Kepala Seksi Keuangan Desa Langaleso, Kecamatan Dolo, Sahlan mengatakan, pihaknya sangat menyambut baik inisiatif pembentukan desa siaga atau tangguh bencana tersebut. Untuk mewujudkan hal itu, akan dibentuk tim khusus.
”Tim itu akan menggodok hal-hal yang diperlukan terkait dengan kegiatan pengurangan risiko bencana tingkat desa, mulai dari pembentukan kelompok yang menggerakkan kegiatan, frekuensi kegiatan, bentuk simulasi, hingga anggaran yang perlu dialokasikan,” katanya saat ditemui di kantor Desa Langaleso, Kamis (11/7/2019).

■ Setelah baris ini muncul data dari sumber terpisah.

(* Let $n$ and $0<n_1<\cdots<n_d<n$ be integers and let $\varepsilon:\mathrm{Flag}(n_1,\dots,n_d;n)\to\mathrm{O}(n)^d\subseteq(\mathbb{R}^{n\times n})^d$ be the classical embedding. Let $g^e$ be the Riemannian metric on $\mathrm{Flag}(n_1,\dots,n_d;n)$ induced by $\varepsilon$ from the Euclidean metric on $(\mathbb{R}^{n\times n})^d$, and $\tilde g^e$ the metric induced by the modified embedding $\tilde\varepsilon:\mathrm{Flag}(n_1,\dots,n_d;n)\to(\mathbb{R}^{n\times n})^{d+1}$ from the Euclidean metric on $(\mathbb{R}^{n\times n})^{d+1}$. For a smooth map $\varphi:(\mathbb{R}^{n\times n})^d\to\mathbb{R}^{n\times n}$, let $\kappa_\varphi(A_1,\dots,A_d)=(A_1,\dots,A_d,\varphi(A_1,\dots,A_d))$ and let $g^\varphi$ be the metric on $\mathrm{Flag}(n_1,\dots,n_d;n)$ induced by the embedding $\kappa_\varphi\circ\varepsilon$ from the Euclidean metric on $(\mathbb{R}^{n\times n})^{d+1}$. Then: (i) $g^\varphi=g^e$ if and only if $\varphi$ is constant on $\varepsilon(\mathrm{Flag}(n_1,\dots,n_d;n))$; in particular $g^\varphi=g^e$ whenever $\varphi$ is constant. (ii) There exists a smooth $\varphi$ such that $g^\varphi=\tilde g^e$.
   Context: Set $m_1=n_1$, $m_k=n_k-n_{k-1}$ ($2\le k\le d$), $m_{d+1}=n-n_d$. For a flag $\mathbb{V}_1\subsetneq\cdots\subsetneq\mathbb{V}_d\subsetneq\mathbb{R}^n$ ($\dim\mathbb{V}_k=n_k$) let $\mathbb{W}_1=\mathbb{V}_1$, $\mathbb{W}_k$ the orthogonal complement of $\mathbb{V}_{k-1}$ in $\mathbb{V}_k$ ($2\le k\le d$), $\mathbb{W}_{d+1}=\mathbb{V}_d^\perp$, and $Q_k=2P_{\mathbb{W}_k}-I_n$ with $P_{\mathbb{W}}$ the orthogonal projection onto $\mathbb{W}$. The classical embedding is $\varepsilon(\text{flag})=(Q_1,\dots,Q_d)$ and the modified embedding is $\tilde\varepsilon(\text{flag})=(Q_1,\dots,Q_{d+1})$. The Euclidean metric on $(\mathbb{R}^{n\times n})^r$ is $\sum_k\operatorname{tr}(X_k^{\mathsf T}Y_k)$. *)

theory Defs
  imports "HOL-Analysis.Analysis"
begin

Sahlan mengakui, selama ini tak ada kegiatan terkait pengurangan risiko, baik yang dilakukan di tingkat kabupaten maupun desa. Untuk tahun anggaran 2019, pihaknya pun belum sempat memasukkan kegiatan mitigasi. Yang dianggarkan hanya penanganan fisik pascagempa. Namun, ia menjanjikan kegiatan pengurangan risiko akan diperjuangkan untuk masuk ke rancangan anggaran 2020.
”Kami merasakan bagaimana ketidaksiapsiagaan saat terjadi bencana. Hampir semua rumah tangga tidak memiliki cadangan logistik sehingga sangat bergantung pada bantuan luar, terutama dua minggu pertama. Koordinasi untuk penanganan bencana juga tidak jelas,” ujarnya.
Secara terpisah, Lurah Duyu, Kecamatan Tatanga, Kota Palu, Nurdin F Adam menyampaikan, pihaknya akan sesering mungkin menggelar penyuluhan dan simulasi menghadapi gempa ke depan demi kesiapsiagaan bencana.
Kepala Pelaksana Badan Penanggulangan Bencana Daerah Sulteng Bartolomeus Tandigala menyatakan sudah mulai mengambil langkah bertahap membentuk desa siaga bencana. Namun, ia tidak punya data terkait dengan jumlah pasti desa yang sudah menerapkan kesiapsiagaan itu.
Fasilitator Emergency, Food, Security, Vunerable, and Livelihood JMK-Oxfam Budiman Widyanarko dalam pemaparan kegiatan lembaga sosial itu pada Rabu (11/7/) menyampaikan, pembentukan desa/kelurahan tangguh bagian dari program lanjutan pascabencana. Tujuannya, untuk menciptakan individu yang sadar bencana dan desa sebagai kesatuan wilayah yang tangguh terhadap bencana.
”Ide besarnya pengurangan risiko menjadi arus utama kehidupan agar masyarakat memiliki mekanisme untuk bertahan hidup, bisa beradaptasi dengan perubahan karena bencana,” katanya.
Di Yogyakarta pascagempa pada 2006, lanjut Budiman, terbentuk desa-desa yang siaga bencana. Desa memiliki forum khusus untuk pengurangan risiko, peraturan desa untuk kegiatan-kegiatan mitigasi, hingga rencana kontigensi. ”Desa saat ini memiliki sumber daya, yakni dana desa yang besar untuk kegiatan pengurangan risiko. Ini model dasar untuk mewujudkan masyarakat tangguh,” katanya.